Саша расплывается в ухмылке, вызывая улыбку и у Петра. А мой пахан оглядывается, чтобы еще раз оценить меня. Я едва заметно киваю. Я бы ни одной душе не доверил проникновение к Живодерам больше, чем Саше. И Петр читает это в нашем молчаливом обмене мнениями.
— Ты прав, Глеб. Он идеален. Добро пожаловать на борт, Саша.
Мы все встаем, они еще раз пожимают друг другу руки, и я провожаю брата до двери в кабинет Петра.
— Встретимся у меня дома? — Я предлагаю ему свой ключ, и он берет его одним кивком. — Обсудим детали сегодня вечером.

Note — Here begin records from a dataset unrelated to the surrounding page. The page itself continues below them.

lemma integral_quadratic_deficit_nonneg:
  fixes \<alpha> C A :: real
  assumes "0 \<le> A" "0 \<le> \<alpha>" "\<alpha> * (A + A\<^sup>2/2) \<le> C"
  shows "0 \<le> A * C - \<alpha> * (A\<^sup>2/2 + A^3/6)"
proof -
  have "0 \<le> A * (A * \<alpha>)" "0 \<le> A * (A * (A * \<alpha>))"
    using assms by simp_all
  then have "\<alpha> * (A\<^sup>2/2 + A^3/6) \<le> A * (\<alpha> * (A + A\<^sup>2/2))"
    by (simp add: power2_eq_square power3_eq_cube algebra_simps)
  also have "\<dots> \<le> A * C"
    using assms by (intro mult_left_mono)
  finally show ?thesis by simp
qed

lemma nn_integral_unifP_two_deficits:
  fixes \<alpha> C A B :: real
  assumes A: "0 \<le> A" "A \<le> 1" and B: "0 \<le> B" "B \<le> 1" and "0 \<le> \<alpha>"
    and deficit_nonneg: "\<And>t. t \<in> {0..max A B} \<Longrightarrow> \<alpha> * (t + t\<^sup>2/2) \<le> C"
  shows "(\<integral>\<^sup>+ s. 1 + ennreal (C - \<alpha> * (s + s\<^sup>2/2)) * indicator {0..A} s
                + ennreal (C - \<alpha> * ((1 - s) + (1 - s)\<^sup>2/2)) * indicator {1-B..1} s \<partial>unifP)
    = ennreal (1 + (A * C - \<alpha> * (A\<^sup>2/2 + A^3/6)) + (B * C - \<alpha> * (B\<^sup>2/2 + B^3/6)))"
proof -
  interpret prob_space unifP by (rule prob_space_unifP)
  define d :: "real \<Rightarrow> real \<Rightarrow> ennreal"
    where "d a t = ennreal (C - \<alpha> * (t + t\<^sup>2/2)) * indicator {0..a} t" for a t
  have [measurable]: "d a \<in> borel_measurable borel" "(\<lambda>t. d a (1 - t)) \<in> borel_measurable borel"
    for a
    unfolding d_def by measurable
  then have [measurable]:
      "d a \<in> borel_measurable unifP" "(\<lambda>t. d a (1 - t)) \<in> borel_measurable unifP" for a
    by (simp_all add: measurable_cong_sets[OF sets_unifP refl])
  have "d a t * indicator {0..1} t = d a t" "d a (1 - t) * indicator {0..1} t = d a (1 - t)"
    if "a \<le> 1" for a t
    using that by (auto simp: d_def split: split_indicator)
  then have unifP_eq_lborel: "(\<integral>\<^sup>+ t. d a t \<partial>unifP) = (\<integral>\<^sup>+ t. d a t \<partial>lborel)"
      "(\<integral>\<^sup>+ t. d a (1 - t) \<partial>unifP) = (\<integral>\<^sup>+ t. d a t \<partial>lborel)"
    if "a \<le> 1" for a
    using that by (simp_all add: nn_integral_unifP nn_integral_lborel_reflect)
  have integral_d: "(\<integral>\<^sup>+ t. d a t \<partial>lborel) = ennreal (a * C - \<alpha> * (a\<^sup>2/2 + a^3/6))"
    if "0 \<le> a" "a \<le> max A B" for a
    unfolding d_def using that deficit_nonneg by (intro nn_integral_quadratic_deficit) auto
  have "ennreal (C - \<alpha> * ((1 - s) + (1 - s)\<^sup>2/2)) * indicator {1-B..1} s = d B (1 - s)" for s
    by (auto simp: d_def split: split_indicator)
  moreover have "(\<integral>\<^sup>+ s. 1 + d A s + d B (1 - s) \<partial>unifP)
      = (\<integral>\<^sup>+ s. 1 + d A s \<partial>unifP) + (\<integral>\<^sup>+ s. d B (1 - s) \<partial>unifP)"
    by (rule nn_integral_add) measurable
  moreover have "(\<integral>\<^sup>+ s. 1 + d A s \<partial>unifP) = 1 + (\<integral>\<^sup>+ s. d A s \<partial>unifP)"
    by (subst nn_integral_add) (measurable, simp add: emeasure_space_1)
  moreover have "0 \<le> a * C - \<alpha> * (a\<^sup>2/2 + a^3/6)" if "a \<in> {A, B}" for a
    using that A B \<open>0 \<le> \<alpha>\<close> deficit_nonneg[of a]
    by (intro integral_quadratic_deficit_nonneg) auto
  ultimately show ?thesis
    using A B by (simp add: unifP_eq_lborel integral_d flip: d_def)
qed

lemma one_plus_deficits_le:
  fixes A B \<delta> \<alpha> C :: real
  assumes "0 \<le> A" "0 \<le> B" "0 \<le> \<delta>" "A + B = 1 - \<delta>" "6 \<le> C" "24/7 \<le> \<alpha>"
  shows "1 + (A * C - \<alpha> * (A\<^sup>2/2 + A^3/6)) + (B * C - \<alpha> * (B\<^sup>2/2 + B^3/6)) \<le> C"
proof -
  let ?q = "(A\<^sup>2/2 + A^3/6) + (B\<^sup>2/2 + B^3/6)"
  have "6 * \<delta> \<le> C * \<delta>"
    using assms by (intro mult_right_mono) auto
  moreover have "24/7 * ?q \<le> \<alpha> * ?q"
    using assms by (intro mult_right_mono) auto
  moreover have "A * C + B * C = (1 - \<delta>) * C"
    using assms(4) by (metis distrib_right)
  ultimately show ?thesis
    using cubic_deficits_lower_bound[OF assms(1-4)] by (simp add: algebra_simps)
qed

definition potential_slope :: real where
  "potential_slope = 1 / ln (4/3)"

lemma potential_slope_ge: "24/7 \<le> potential_slope"
proof -
  have "4 / 3 \<le> 1 + 7/24 + (7/24)\<^sup>2 / (2::real)"
    by (simp add: power2_eq_square)
  also have "\<dots> \<le> exp (7/24)"
    by (rule exp_lower_Taylor_quadratic) simp
  finally have "ln (4/3) \<le> ln (exp (7/24 :: real))"
    by (rule ln_mono) simp
  then show ?thesis
    by (simp add: potential_slope_def field_simps)
qed

text \<open>S stands for S(\<gamma>) and xs for the mode x*; nothing else about S(\<gamma>) is used.\<close>

locale interval_target =
  fixes S :: "real set" and xs :: real
  assumes is_interval_S: "is_interval S"
    and S_subset: "S \<subseteq> {0..1}"
    and xs_mem: "xs \<in> S"
    and Inf_less_Sup: "Inf S < Sup S"
begin

definition target_length :: real where
  "target_length = Sup S - Inf S"

definition potential :: "real \<Rightarrow> real" where
  "potential L = potential_slope * ln (L / target_length) + 6"

definition shrink_bound :: "real \<Rightarrow> real \<Rightarrow> real" where
  "shrink_bound L t = potential L - potential_slope * (t + t\<^sup>2/2)"

definition encloses :: "real \<times> real \<Rightarrow> bool" where
  "encloses p \<longleftrightarrow> fst p \<le> Inf S \<and> Sup S \<le> snd p"

definition left_gap :: "real \<times> real \<Rightarrow> real" where
  "left_gap p = (Inf S - fst p) / bracket_length p"

definition right_gap :: "real \<times> real \<Rightarrow> real" where
  "right_gap p = (snd p - Sup S) / bracket_length p"

text \<open>A sample at relative position s of bracket p misses S on the left for s in [0, left_gap p]
  and on the right for s in [1 - right_gap p, 1].\<close>

definition step_bound :: "real \<times> real \<Rightarrow> real \<Rightarrow> ennreal" where
  "step_bound p s = 1
     + ennreal (shrink_bound (bracket_length p) s) * indicator {0..left_gap p} s
     + ennreal (shrink_bound (bracket_length p) (1 - s)) * indicator {1 - right_gap p..1} s"

lemma sets_S[measurable]: "S \<in> sets borel"
  using is_interval_S by (rule real_interval_borel_measurable)

lemma bdd_S: "bdd_below S" "bdd_above S"
  using S_subset by (auto intro!: bdd_belowI[of _ 0] bdd_aboveI[of _ 1])

lemma miss_le_mode_imp_le_Inf:
  assumes "y \<notin> S" "y \<le> xs" shows "y \<le> Inf S"
proof (rule ccontr)
  assume "\<not> y \<le> Inf S"
  then obtain s where "s \<in> S" "s < y"
    using cInf_less_iff[OF _ bdd_S(1)] xs_mem by (auto simp: not_le)
  then have "y \<in> S"
    using assms(2) xs_mem is_interval_S unfolding is_interval_1 by (meson less_imp_le)
  then show False
    using assms(1) by simp
qed

lemma miss_ge_mode_imp_Sup_le:
  assumes "y \<notin> S" "xs \<le> y" shows "Sup S \<le> y"
proof (rule ccontr)
  assume "\<not> Sup S \<le> y"
  then obtain s where "s \<in> S" "y < s"
    using less_cSup_iff[OF _ bdd_S(2)] xs_mem by (auto simp: not_le)
  then have "y \<in> S"
    using assms(2) xs_mem is_interval_S unfolding is_interval_1 by (meson less_imp_le)
  then show False
    using assms(1) by simp
qed

lemma target_length_pos: "0 < target_length"
  using Inf_less_Sup by (simp add: target_length_def)

lemma encloses_imp_target_length_le: "encloses p \<Longrightarrow> target_length \<le> bracket_length p"
  by (simp add: encloses_def target_length_def bracket_length_def)

lemma encloses_unit_interval: "encloses (0, 1)"
proof -
  have "S \<noteq> {}"
    using xs_mem by auto
  then show ?thesis
    using S_subset by (auto simp: encloses_def intro!: cInf_greatest cSup_least)
qed

lemma six_le_potential: "target_length \<le> L \<Longrightarrow> 6 \<le> potential L"
  using potential_slope_ge target_length_pos by (simp add: potential_def)

lemma potential_shrink:
  assumes "0 < L" "0 \<le> t" "target_length \<le> L * (1 - t)"
  shows "potential (L * (1 - t)) \<le> shrink_bound L t"
proof -
  have "t < 1"
    using assms target_length_pos mult_nonneg_nonpos[of L "1 - t"] by linarith
  then have "ln (L * (1 - t) / target_length) = ln (L / target_length) + ln (1 - t)"
    using assms target_length_pos by (simp add: ln_div ln_mult)
  moreover have "potential_slope * ln (1 - t) \<le> potential_slope * (- t - t\<^sup>2/2)"
    using ln_one_minus_le[OF \<open>0 \<le> t\<close> \<open>t < 1\<close>] potential_slope_ge by (intro mult_left_mono) auto
  ultimately show ?thesis
    by (simp add: shrink_bound_def potential_def algebra_simps)
qed

lemma encloses_gaps:
  assumes "encloses p"
  shows "0 \<le> left_gap p" "0 \<le> right_gap p"
    and "left_gap p + right_gap p = 1 - target_length / bracket_length p"
proof -
  have L: "0 < bracket_length p"
    using target_length_pos encloses_imp_target_length_le[OF assms] by simp
  then show "0 \<le> left_gap p" "0 \<le> right_gap p"
    using assms by (auto simp: encloses_def left_gap_def right_gap_def)
  have "left_gap p + right_gap p = (bracket_length p - target_length) / bracket_length p"
    by (simp add: left_gap_def right_gap_def bracket_length_def target_length_def
        add_divide_distrib[symmetric])
  then show "left_gap p + right_gap p = 1 - target_length / bracket_length p"
    using L by (simp add: diff_divide_distrib)
qed

lemma nn_integral_step_bound:
  assumes "encloses p"
  shows "(\<integral>\<^sup>+ s. step_bound p s \<partial>unifP) \<le> ennreal (potential (bracket_length p))"
proof -
  define L where "L = bracket_length p"
  define A where "A = left_gap p"
  define B where "B = right_gap p"
  have L: "target_length \<le> L" "0 < L" "0 < target_length / L"
    using target_length_pos encloses_imp_target_length_le[OF assms] by (auto simp: L_def)
  have AB: "0 \<le> A" "0 \<le> B" "A + B = 1 - target_length / L"
    using encloses_gaps[OF assms] by (simp_all add: A_def B_def L_def)
  then have AB_le: "A \<le> 1" "B \<le> 1" "max A B \<le> 1 - target_length / L"
    using L by auto
  have "potential_slope * (t + t\<^sup>2/2) \<le> potential L" if "t \<in> {0..max A B}" for t
  proof -
    have "L * t \<le> L * (1 - target_length / L)"
      using that AB_le(3) L by (intro mult_left_mono) auto
    then have "target_length \<le> L * (1 - t)"
      using L by (simp add: right_diff_distrib)
    then show ?thesis
      using potential_shrink[OF \<open>0 < L\<close>, of t] six_le_potential[of "L * (1 - t)"] that
      by (simp add: shrink_bound_def)
  qed
  then have "(\<integral>\<^sup>+ s. step_bound p s \<partial>unifP)
      = ennreal (1 + (A * potential L - potential_slope * (A\<^sup>2/2 + A^3/6))
                   + (B * potential L - potential_slope * (B\<^sup>2/2 + B^3/6)))"
    unfolding step_bound_def shrink_bound_def L_def[symmetric] A_def[symmetric] B_def[symmetric]
    using AB AB_le potential_slope_ge by (intro nn_integral_unifP_two_deficits) auto
  also have "\<dots> \<le> ennreal (potential L)"
    using AB L six_le_potential potential_slope_ge
    by (intro ennreal_leI one_plus_deficits_le) auto
  finally show ?thesis
    by (simp add: L_def)
qed

lemma bracket_update_miss:
  assumes p: "encloses p" and s: "s \<in> {0..1}" and miss: "bracket_point p s \<notin> S"
  defines "q \<equiv> bracket_update xs p (bracket_point p s)"
  shows "encloses q"
    and "bracket_point p s \<le> xs \<Longrightarrow> s \<le> left_gap p \<and> bracket_length q = bracket_length p * (1 - s)"
    and "\<not> bracket_point p s \<le> xs \<Longrightarrow>
      1 - right_gap p \<le> s \<and> bracket_length q = bracket_length p * (1 - (1 - s))"
proof -
  define y where "y = bracket_point p s"
  define L where "L = bracket_length p"
  have "0 < L"
    using target_length_pos encloses_imp_target_length_le[OF p] by (simp add: L_def)
  have "0 \<le> L * s" "L * s \<le> L"
    using s \<open>0 < L\<close> by (simp_all add: mult_left_le)
  then have y: "y = fst p + L * s" "fst p \<le> y" "y \<le> snd p"
    by (auto simp: y_def bracket_point_def L_def bracket_length_def)
  have "y \<noteq> xs"
    using miss xs_mem by (auto simp: y_def)
  then have q: "q = (if y \<le> xs then (y, snd p) else (fst p, y))"
    using y by (auto simp: q_def y_def bracket_update_def)
  show "encloses q"
    using p y \<open>y \<noteq> xs\<close> miss miss_le_mode_imp_le_Inf miss_ge_mode_imp_Sup_le
    unfolding q by (auto simp: encloses_def y_def)
  show "s \<le> left_gap p \<and> bracket_length q = L * (1 - s)" if "bracket_point p s \<le> xs"
    using miss_le_mode_imp_le_Inf[OF miss that] that \<open>0 < L\<close> y(1)
    by (auto simp: q y_def left_gap_def bracket_length_def L_def field_simps)
  show "1 - right_gap p \<le> s \<and> bracket_length q = L * (1 - (1 - s))" if "\<not> bracket_point p s \<le> xs"
    using miss_ge_mode_imp_Sup_le[OF miss] that \<open>0 < L\<close> y(1)
    by (auto simp: q y_def right_gap_def bracket_length_def L_def field_simps)
qed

— С нетерпением жду этого. — Саша одаривает меня наглой ухмылкой и без единого звука проскальзывает в дверь.
Повернувшись к своему пахану, я снова опускаюсь в кресло, и моя поза становится более привычной и расслабленной, когда дела закончены. Я знал, что Петр будет доволен Сашей в качестве нашего шпиона. Мой брат зоркий, проницательный и обладает непоколебимо твердой рукой.
— Ты уверен, что он останется верным? — Спросил Петр, не отрывая взгляда от моего лица.
— У него сухое чувство юмора, но, уверяю тебя, он не встанет на сторону Живодера, когда увидит, что они из себя представляют. И он как собака с костью, если дать ему задание. Он не оставит нас в подвешенном состоянии.
Петр задумчиво кивает, уловив подтекст — Саша не обязательно верен. Мой брат живет по своему кодексу. И хотя да, я верю, что он будет верен мне из-за нашей общей истории, это не то, что будет двигать им. Саша будет стремиться к той же цели, что и Велес, он ненавидит таких людей, как Михаил, которые зарабатывают себе на жизнь в роскоши и комфорте за счет порабощения и страданий других. Все просто и понятно.
Для Саши это личное дерьмо.
И для меня, наверное, тоже.
Уверен, что, работая на Михаила, Саша увидит много другого дерьма, с которым не согласится. Но он может быть впечатляюще хладнокровным, когда это средство достижения цели. Именно поэтому он стал хорошим секретным оружием для Келли, а теперь и для нас.
Он пойдет на все, чтобы гарантировать, что к тому времени, как он покончит с ними, Живодер больше никогда не продаст ни одной души.
— Если ты так уверен в том, что твой брат возьмет на себя эту роль, то что же тебя вывело из равновесия? — Спрашивает Петр, разрывая тишину.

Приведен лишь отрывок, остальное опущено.